[Exercise data Boundary: Start]

(* Let $f:\mathbb{N}\to[0,\infty)$ be weakly super-multiplicative with normal order $g:(0,\infty)\to(0,\infty)$, where $g$ is either non-decreasing or $\log$-uniformly continuous. Then the limit $\lim_{y\to\infty}\frac{\log g(y)}{\log y}$ (over real $y$) exists in $\mathbb{R}\cup\{\infty\}$ and equals $\sup_{n\ge2}\frac{\log f(n)}{\log n}$ (with the convention $\log 0=-\infty$).
   Context: A function $f:\mathbb{N}\to[0,\infty)$ is weakly super-multiplicative if for all $n\in\mathbb{N}$ and all $\epsilon>0$ there exist $x_0>0$ and $\delta>0$ such that for all real $x>x_0$, $\#\{m\in\mathbb{N}\cap[x,(1+\epsilon)x]: f(nm)\ge(1-\epsilon)f(n)f(m)\}\ge\delta x$. A function $f:\mathbb{N}\to[0,\infty)$ has normal order $g$ if for every $\epsilon>0$ the set $\{n\in\mathbb{N}: |f(n)-g(n)|\ge\epsilon g(n)\}$ has upper (natural) density $0$. A function $g:(0,\infty)\to(0,\infty)$ is $\log$-uniformly continuous if for every $\epsilon>0$ there is $\delta>0$ such that for all $x,y>0$ with $|x/y-1|<\delta$ we have $|g(x)/g(y)-1|<\epsilon$. *)

theory Defs
  imports "HOL-Analysis.Analysis" "HOL-Library.Liminf_Limsup"
begin

text \<open>Natural numbers are the positive integers here.\<close>

definition weakly_super_multiplicative :: "(nat \<Rightarrow> real) \<Rightarrow> bool" where
  "weakly_super_multiplicative f \<longleftrightarrow>
     (\<forall>n\<ge>1. \<forall>\<epsilon>>0. \<exists>x0>0. \<exists>\<delta>>0. \<forall>x::real. x > x0 \<longrightarrow>
        real (card {m::nat. m \<ge> 1 \<and> x \<le> real m \<and> real m \<le> (1 + \<epsilon>) * x \<and>
                            f (n * m) \<ge> (1 - \<epsilon>) * f n * f m}) \<ge> \<delta> * x)"

definition upper_density :: "nat set \<Rightarrow> ereal" where
  "upper_density S = limsup (\<lambda>N. ereal (real (card (S \<inter> {1..N})) / real N))"

definition has_normal_order :: "(nat \<Rightarrow> real) \<Rightarrow> (real \<Rightarrow> real) \<Rightarrow> bool" where
  "has_normal_order f g \<longleftrightarrow>
     (\<forall>\<epsilon>>0. upper_density {n. n \<ge> 1 \<and> \<bar>f n - g (real n)\<bar> \<ge> \<epsilon> * g (real n)} = 0)"

definition log_uniformly_continuous :: "(real \<Rightarrow> real) \<Rightarrow> bool" where
  "log_uniformly_continuous g \<longleftrightarrow>
     (\<forall>\<epsilon>>0. \<exists>\<delta>>0. \<forall>x y. x > 0 \<longrightarrow> y > 0 \<longrightarrow> \<bar>x / y - 1\<bar> < \<delta> \<longrightarrow>
        \<bar>g x / g y - 1\<bar> < \<epsilon>)"

definition log_ratio :: "(nat \<Rightarrow> real) \<Rightarrow> nat \<Rightarrow> ereal" where
  "log_ratio f n = (if f n = 0 then -\<infinity> else ereal (ln (f n) / ln (real n)))"

end

theory Submission
  imports Defs
begin

text \<open>
  Upper bound: if f n \<le> n powr b for all n \<ge> 2, the normal order supplies, for every
  large y, some m in [y, 2y] with g m < 2 f m, and regularity of g gives C g y \<le> g m;
  hence ln (g y) \<le> b ln y + O(1).

  Lower bound: fix n with f n > 0. Weak super-multiplicativity and the normal order
  supply, for every large y, a multiplier m in [y, (1 + \<epsilon>) y] with
  f (n m) \<ge> (1 - \<epsilon>) f n f m at which both f m and f (n m) are within a factor 1 \<pm> \<epsilon>
  of g; with regularity this gives z in [n y, (1 + \<epsilon>) n y] and g z \<ge> c f n g y,
  where c \<rightarrow> 1 as \<epsilon> \<rightarrow> 0. Iterating from a fixed point gives an orbit along which ln g
  grows by ln (c f n) per step while ln y grows by between ln n and ln ((1 + \<epsilon>) n), and
  regularity bounds g from below between consecutive orbit points.
\<close>

lemma upper_density_zero_imp_card_le:
  assumes "upper_density S = 0" and "\<theta> > 0"
  shows "\<forall>\<^sub>F N in sequentially. real (card (S \<inter> {1..N})) \<le> \<theta> * real N"
proof -
  have "limsup (\<lambda>N. ereal (real (card (S \<inter> {1..N})) / real N)) < ereal \<theta>"
    using assms unfolding upper_density_def by simp
  then have "\<forall>\<^sub>F N in sequentially. real (card (S \<inter> {1..N})) / real N < \<theta>"
    by (auto dest: Limsup_lessD)
  then show ?thesis
    using eventually_gt_at_top[of 0]
    by eventually_elim (simp add: divide_simps)
qed

lemma card_le_card_Int_plus_card_dilated:
  fixes S B :: "nat set"
  assumes "n \<ge> 1" and "S \<subseteq> {1..N}" and "\<And>m. m \<in> S \<Longrightarrow> m \<in> B \<or> n * m \<in> B"
  shows "card S \<le> card (B \<inter> {1..N}) + card (B \<inter> {1..n * N})"
proof -
  let ?D = "{m\<in>{1..N}. n * m \<in> B}"
  have "card ?D \<le> card (B \<inter> {1..n * N})"
    using assms(1) by (intro card_inj_on_le[where f = "\<lambda>m. n * m"]) (auto simp: inj_on_def)
  moreover have "card S \<le> card ((B \<inter> {1..N}) \<union> ?D)"
    using assms(2,3) by (intro card_mono) auto
  ultimately show ?thesis
    using card_Un_le[of "B \<inter> {1..N}" ?D] by linarith
qed

lemma eventually_exists_good_multiplier:
  fixes f :: "nat \<Rightarrow> real" and g :: "real \<Rightarrow> real"
  assumes wsm: "weakly_super_multiplicative f" and normal: "has_normal_order f g"
    and "n \<ge> 1" and "\<epsilon> > 0"
  shows "\<forall>\<^sub>F x in at_top. \<exists>m. m \<ge> 1 \<and> x \<le> real m \<and> real m \<le> (1 + \<epsilon>) * x \<and>
     (1 - \<epsilon>) * f n * f m \<le> f (n * m) \<and>
     \<bar>f m - g (real m)\<bar> < \<epsilon> * g (real m) \<and> \<bar>f (n * m) - g (real (n * m))\<bar> < \<epsilon> * g (real (n * m))"
proof -
  define B where "B = {k. k \<ge> 1 \<and> \<bar>f k - g (real k)\<bar> \<ge> \<epsilon> * g (real k)}"
  define S where "S x = {m::nat. m \<ge> 1 \<and> x \<le> real m \<and> real m \<le> (1 + \<epsilon>) * x \<and>
                            f (n * m) \<ge> (1 - \<epsilon>) * f n * f m}" for x
  obtain x0 \<delta> where "\<delta> > 0" and many: "\<And>x. x > x0 \<Longrightarrow> \<delta> * x \<le> real (card (S x))"
    using wsm \<open>n \<ge> 1\<close> \<open>\<epsilon> > 0\<close> unfolding weakly_super_multiplicative_def S_def by meson
  define D where "D = 2 * (1 + real n) * (1 + \<epsilon>)"
  have "D > 0" using \<open>\<epsilon> > 0\<close> unfolding D_def by auto
  define \<theta> where "\<theta> = \<delta> / D"
  have "\<theta> > 0" using \<open>\<delta> > 0\<close> \<open>D > 0\<close> unfolding \<theta>_def by auto
  then obtain N0 where few: "\<And>N. N \<ge> N0 \<Longrightarrow> real (card (B \<inter> {1..N})) \<le> \<theta> * real N"
    using upper_density_zero_imp_card_le[of B] normal \<open>\<epsilon> > 0\<close>
    unfolding has_normal_order_def B_def eventually_sequentially by blast
  \<comment> \<open>At most \<theta> (N + n N) \<le> \<delta> x / 2 multipliers m \<le> N have m or n m in B.\<close>
  have "\<exists>m\<in>S x. m \<notin> B \<and> n * m \<notin> B" if x: "x > max x0 (real N0)" for x
  proof (rule ccontr)
    assume bad: "\<not> ?thesis"
    define N where "N = nat \<lfloor>(1 + \<epsilon>) * x\<rfloor>"
    have "x > 0" using x \<open>\<epsilon> > 0\<close> by linarith
    have "real N \<le> (1 + \<epsilon>) * x" and SN: "S x \<subseteq> {1..N}"
      using \<open>x > 0\<close> \<open>\<epsilon> > 0\<close> unfolding N_def S_def by (auto simp: le_nat_floor)
    have "x \<le> (1 + \<epsilon>) * x" using \<open>x > 0\<close> \<open>\<epsilon> > 0\<close> by (simp add: algebra_simps)
    then have "real N0 \<le> (1 + \<epsilon>) * x" using x by linarith
    then have "N \<ge> N0" unfolding N_def by (simp add: le_nat_floor)
    have "real (card (S x)) \<le> real (card (B \<inter> {1..N})) + real (card (B \<inter> {1..n * N}))"
      using card_le_card_Int_plus_card_dilated[OF \<open>n \<ge> 1\<close> SN, of B] bad by force
    also have "\<dots> \<le> \<theta> * real N + \<theta> * (real n * real N)"
      using few[of N] few[of "n * N"] \<open>N \<ge> N0\<close> \<open>n \<ge> 1\<close>
      by (metis add_mono le_trans mult_le_mono1 nat_mult_1 of_nat_mult)
    also have "\<dots> = \<theta> * (1 + real n) * real N" by (simp add: algebra_simps)
    also have "\<dots> \<le> \<theta> * (1 + real n) * ((1 + \<epsilon>) * x)"
      using \<open>real N \<le> (1 + \<epsilon>) * x\<close> \<open>\<theta> > 0\<close> by (intro mult_left_mono) auto
    also have "\<dots> = \<theta> * D * x / 2" unfolding D_def by (simp add: algebra_simps)
    also have "\<dots> = \<delta> * x / 2" using \<open>D > 0\<close> unfolding \<theta>_def by simp
    finally have "real (card (S x)) \<le> \<delta> * x / 2" .
    moreover have "\<delta> * x > 0" using \<open>\<delta> > 0\<close> \<open>x > 0\<close> by simp
    ultimately show False using many[of x] x by linarith
  qed
  then show ?thesis
    unfolding eventually_at_top_dense using \<open>n \<ge> 1\<close>
    by (intro exI[of _ "max x0 (real N0)"]) (force simp: S_def B_def not_le)
qed

lemma regular_imp_almost_increasing:
  fixes g :: "real \<Rightarrow> real"
  assumes g_pos: "\<And>y. y > 0 \<Longrightarrow> g y > 0"
    and reg: "mono_on {0<..} g \<or> log_uniformly_continuous g" and "\<epsilon> > 0"
  shows "\<exists>\<eta>>0. \<forall>y z. 0 < y \<longrightarrow> y \<le> z \<longrightarrow> z \<le> (1 + \<eta>) * y \<longrightarrow> (1 - \<epsilon>) * g y \<le> g z"
  using reg
proof
  assume "mono_on {0<..} g"
  then have "(1 - \<epsilon>) * g y \<le> g z" if "0 < y" "y \<le> z" for y z
    using that mono_onD[of "{0<..}" g y z] mult_pos_pos[OF \<open>\<epsilon> > 0\<close> g_pos[of y]]
    by (simp add: algebra_simps)
  then show ?thesis by (intro exI[of _ 1]) auto
next
  assume "log_uniformly_continuous g"
  then obtain \<delta> where "\<delta> > 0" and close: "\<And>x y. x > 0 \<Longrightarrow> y > 0 \<Longrightarrow> \<bar>x / y - 1\<bar> < \<delta> \<Longrightarrow>
        \<bar>g x / g y - 1\<bar> < \<epsilon>"
    using \<open>\<epsilon> > 0\<close> unfolding log_uniformly_continuous_def by meson
  have "(1 - \<epsilon>) * g y \<le> g z" if "0 < y" "y \<le> z" "z \<le> (1 + \<delta> / 2) * y" for y z
  proof -
    have "1 \<le> z / y" using that by simp
    moreover have "z / y \<le> 1 + \<delta> / 2" using that by (simp add: divide_le_eq mult.commute)
    ultimately have "\<bar>z / y - 1\<bar> < \<delta>" using \<open>\<delta> > 0\<close> by linarith
    then have "1 - \<epsilon> < g z / g y" using close[of z y] that by linarith
    then show ?thesis using g_pos[of y] \<open>0 < y\<close> by (simp add: less_divide_eq)
  qed
  then show ?thesis using \<open>\<delta> > 0\<close> by (intro exI[of _ "\<delta> / 2"]) auto
qed

lemma almost_increasing_iterate:
  fixes g :: "real \<Rightarrow> real"
  assumes "\<eta> > 0" and "c \<ge> 0"
    and step: "\<And>y z. 0 < y \<Longrightarrow> y \<le> z \<Longrightarrow> z \<le> (1 + \<eta>) * y \<Longrightarrow> c * g y \<le> g z"
    and "0 < y" "y \<le> z" "z \<le> (1 + \<eta>) ^ j * y"
  shows "c ^ j * g y \<le> g z"
  using \<open>y \<le> z\<close> \<open>z \<le> (1 + \<eta>) ^ j * y\<close>
proof (induction j arbitrary: z)
  case 0
  then show ?case by simp
next
  case (Suc j)
  define w where "w = max y (z / (1 + \<eta>))"
  have "y \<le> (1 + \<eta>) ^ j * y" using \<open>\<eta> > 0\<close> \<open>0 < y\<close> by simp
  moreover have "z / (1 + \<eta>) \<le> (1 + \<eta>) ^ j * y"
    using Suc.prems(2) \<open>\<eta> > 0\<close> by (simp add: divide_le_eq mult_ac)
  ultimately have "c ^ j * g y \<le> g w"
    by (intro Suc.IH) (auto simp: w_def)
  moreover have "c * g w \<le> g z"
  proof (rule step)
    have "z / (1 + \<eta>) \<le> z / 1"
      using Suc.prems \<open>\<eta> > 0\<close> \<open>0 < y\<close> by (intro divide_left_mono) auto
    then show "0 < w" "w \<le> z"
      using Suc.prems \<open>0 < y\<close> by (auto simp: w_def)
    have "z / (1 + \<eta>) \<le> w" by (simp add: w_def)
    then show "z \<le> (1 + \<eta>) * w" using \<open>\<eta> > 0\<close> by (simp add: divide_le_eq mult.commute)
  qed
  ultimately have "c * (c ^ j * g y) \<le> g z"
    using \<open>c \<ge> 0\<close> by (meson mult_left_mono order_trans)
  then show ?case by simp
qed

[Exercise data Boundary: End]

◆ What you have to do: Please count the lines above that contain the string "also" and reply with the number alone.

◆ Response below: 5